Разов семь, по субботам больше, я ее со щенком катал. Щенок-то — домовладелов сын, с Кирочной улицы. Папаша булавками торговал, а домище экое закатил, — туча-тучей. Концы с концов, быстрехонько она его выветрила. Один я по пятьдесят за конец брал…
Прельстился тут Дуней дровяник один, Веденеев, — сурьезный дьявол. Небольшого росту, в золотых пенснях. Баржи дровяные гонял, хорошей езды требовал. Зато и деньги платил. Дуне — одна ночка, а ему — почитай четыре баржи дров. Тут и я сбоку-припека пользовался…
А уж тут стала меня Дуня за сердце забирать. Тоскую, днем спать не могу, тычусь по квартире, совсем ошалел. Кудеяра раз отстегал шлеей, за что — и сам не помню. Все горевал я, зачем нечестная. А каб честная была, так и, сам знаю, не влекло бы меня к ней. Кудеяра я как брата родного любил. Хоть прощенья на конюшню к нему просить — впору итти было.
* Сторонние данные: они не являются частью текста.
lemma pd2_sqrt:
  assumes "pd2 P"
  obtains R where "transpose R = R" and "invertible R" and "R ** R = P"
proof -
  have sym: "transpose P = P" using assms by (simp add: pd2_def)
  have det: "0 < det P" and tr: "0 < trace P"
    using pd2_lam1_pos[OF assms] pd2_lam2_pos[OF assms]
    by (simp_all add: det_eq_lam1_lam2[OF sym] trace_eq_lam1_lam2[OF sym])
  define s where "s = sqrt (det P)"
  define t where "t = trace P + 2 * s"
  have "0 \<le> s" and s2: "s * s = det P" using det by (simp_all add: s_def)
  then have "0 < t" using tr by (simp add: t_def)
  define R where "R = (1 / sqrt t) *\<^sub>R (P + s *\<^sub>R mat 1)"
  \<comment> \<open>By Cayley-Hamilton, P^2 = tr P * P - det P * I, hence (P + s I)^2 = t P.\<close>
  have "(P + s *\<^sub>R mat 1) ** (P + s *\<^sub>R mat 1) = t *\<^sub>R P"
    using sym s2 by (simp add: mat2_eq_iff matrix_matrix_mult_2 symmetric_2_iff
        t_def trace_2 det_2 algebra_simps)
  then have RR: "R ** R = P"
    using \<open>0 < t\<close> by (simp add: R_def matrix_scalar_ac scalar_matrix_assoc[symmetric])
  moreover have "transpose R = R"
    using sym by (simp add: R_def symmetric_2_iff)
  moreover have "invertible R"
    using RR det det_mul[of R R] by (auto simp: invertible_det_nz)
  ultimately show ?thesis using that by blast
qed

lemma psd2_mat_1_sub_matrix_inv:
  assumes "psd2 (T - mat 1)"
  shows "psd2 (mat 1 - matrix_inv T)"
proof -
  have T: "pd2 T" using pd2_add[OF pd2_mat_1 assms] by simp
  then have "1 \<le> lam2 T"
    using assms psd2_sub_scaleR_iff[of T 1] by (simp add: pd2_def)
  then have "lam1 (matrix_inv T) \<le> 1"
    by (simp add: lam_matrix_inv[OF T])
  then show ?thesis
    using psd2_scaleR_sub_iff[of "matrix_inv T" 1] T
    by (simp add: symmetric_matrix_inv pd2_invertible pd2_def)
qed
Ой, за год-то сколько я их перекатал! И в санях, и в коляске. За дровяником верзила пришел. Кокусом заведывал, на фабрики кокус поставлял. Очень причудливый господин, одних волос на нем фунта два. После него офицеришко приспел, платил бедно, но красненькой. Ради души только и возил его, авось на том свете зачтется! Дуне, знаю, совестно было глядеть на меня. Выйдет, бывало, с ним и отвернется, будто голубей рассматривает. Только на три раза и хватило офицеришки…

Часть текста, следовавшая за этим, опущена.